I have lingering confusion about blocking variables in my design and analysis.

gchesterton · Nov 29, 2023 04:00 PM

Hi all, I'm using JMP Pro 15.2.1.

I have lingering confusion about blocking in a designed experiment. In particular, whether I am indeed blocking at all.

In my experiment, I have three 2-level (on/off) factors of interest. The response variable is the time-to-perform a task. I want to do a 2x2x2 factorial and I'm interested in testing the significance of main effects and 2-way interactions. I have 24 runs avail, or 3 reps of the 8 treatments.

Suppose further that I have 6 different operators performing the runs. I am not interested in the operator effect, but I want to account for this source of variation. Complicating matters, due to a constraint I can't control, each operator will "show up" and be assigned different numbers of runs: anywhere between 2-6 runs of the randomized 24 run table.

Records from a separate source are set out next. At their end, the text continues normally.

(* Consider the two-unicast wireline network ("butterfly network 1") with nodes $\mathsf{S}_1,\mathsf{S}_2,\mathsf{M}_1,\mathsf{M}_2,\mathsf{D}_1,\mathsf{D}_2$ and seven directed edges: edge 1 from $\mathsf{S}_1$ to $\mathsf{M}_1$, edge 2 from $\mathsf{S}_2$ to $\mathsf{M}_1$, edge 3 from $\mathsf{M}_1$ to $\mathsf{M}_2$, edge 4 from $\mathsf{S}_1$ to $\mathsf{D}_2$, edge 5 from $\mathsf{S}_2$ to $\mathsf{D}_1$, edge 6 from $\mathsf{M}_2$ to $\mathsf{D}_2$, edge 7 from $\mathsf{M}_2$ to $\mathsf{D}_1$, with arbitrary capacities $\mathsf{C}_1,\dots,\mathsf{C}_7\ge 0$. Then secure communication is not possible: the only securely achievable rate pair is $(R_1,R_2)=(0,0)$.
   Context: Network model: a directed acyclic graph; each edge $e$ is a noiseless orthogonal channel of capacity $\mathsf{C}_e$ carrying symbols over $\mathbb{F}_q$; over $n$ channel uses, edge $e$ carries $X_e^n$, received as $Y_e^n=X_e^n$. Source $\mathsf{S}_i$ has message $W_i$ (uniform, $q$-ary entropy $nR_i$, $W_1,W_2$ independent) to be decoded at $\mathsf{D}_i$, and an independent, unlimited private source of randomness $\Theta_i$. A rate pair is securely achievable if for some block length $n$ there are encoding functions—an edge leaving $\mathsf{S}_i$ carries a function of $(W_i,\Theta_i)$, any other edge a function of the symbols received on the incoming edges of its tail—and decoders at $\mathsf{D}_j$ (functions of the symbols on the incoming edges of $\mathsf{D}_j$) recovering $W_j$ with vanishing error probability, and moreover a passive eavesdropper wiretapping any single edge (which one is unknown) learns essentially nothing: for every edge $e$, $I(W_1,W_2;Z_e^n)<\epsilon_n$ with $\epsilon_n\to 0$, where $Z_e^n=X_e^n$ is the eavesdropper's observation on edge $e$ (strong secrecy). *)

theory Defs
  imports "HOL-Probability.Probability" "HOL-Computational_Algebra.Primes"
begin

text \<open>Symbols of an edge over n channel uses are encoded as natural numbers; edge e carries
  a block of floor(n C_e) symbols of F_q, i.e. a value in {0..< q ^ floor(n C_e)}.\<close>

record bf_code =
  th1 :: "nat pmf"                   \<comment> \<open>distribution of private randomness of S1\<close>
  th2 :: "nat pmf"                   \<comment> \<open>distribution of private randomness of S2\<close>
  enc1 :: "nat \<Rightarrow> nat \<Rightarrow> nat"     \<comment> \<open>edge 1 from (W1, Theta1)\<close>
  enc4 :: "nat \<Rightarrow> nat \<Rightarrow> nat"     \<comment> \<open>edge 4 from (W1, Theta1)\<close>
  enc2 :: "nat \<Rightarrow> nat \<Rightarrow> nat"     \<comment> \<open>edge 2 from (W2, Theta2)\<close>
  enc5 :: "nat \<Rightarrow> nat \<Rightarrow> nat"     \<comment> \<open>edge 5 from (W2, Theta2)\<close>
  enc3 :: "nat \<Rightarrow> nat \<Rightarrow> nat"     \<comment> \<open>edge 3 at M1 from (X1, X2)\<close>
  enc6 :: "nat \<Rightarrow> nat"            \<comment> \<open>edge 6 at M2 from X3\<close>
  enc7 :: "nat \<Rightarrow> nat"            \<comment> \<open>edge 7 at M2 from X3\<close>
  dec1 :: "nat \<Rightarrow> nat \<Rightarrow> nat"     \<comment> \<open>decoder at D1 from (X5, X7)\<close>
  dec2 :: "nat \<Rightarrow> nat \<Rightarrow> nat"     \<comment> \<open>decoder at D2 from (X4, X6)\<close>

Suppose I conducted the experiment in this manner:

operator 1 showed up, available to perform, say, 6 runs; I assigned six random treatments from the 24 run table to operator 1.
operator 2 showed up, available to perform, say, 4 runs; I assigned 4 random treatments from the remaining 18 runs to operator 2.
repeat with the remaining operators until the 24 runs are complete.

So, this is not exactly a blocked design. The Operator was not a constraint on randomization. It's more like a categorical covariate. The operators differ in skill, presumably, but I don't have any quantitative proxy measure for their skill (such as years of experience or a baseline performance test).

When I conduct the analysis, do I simply include the Operator term (as a random effect, since the six operators are a sample from the population) to account for this source of variation? Do I assign a design role (using JMP column properties) to the Operator column? If so, do I assign it a blocking role or a covariate role? Or is that inappropriate given how I conducted the experiment? Or do I simply enter the Operator factor in the model like any other main effect, and simply disregard its significance since I'm not interested in it per se?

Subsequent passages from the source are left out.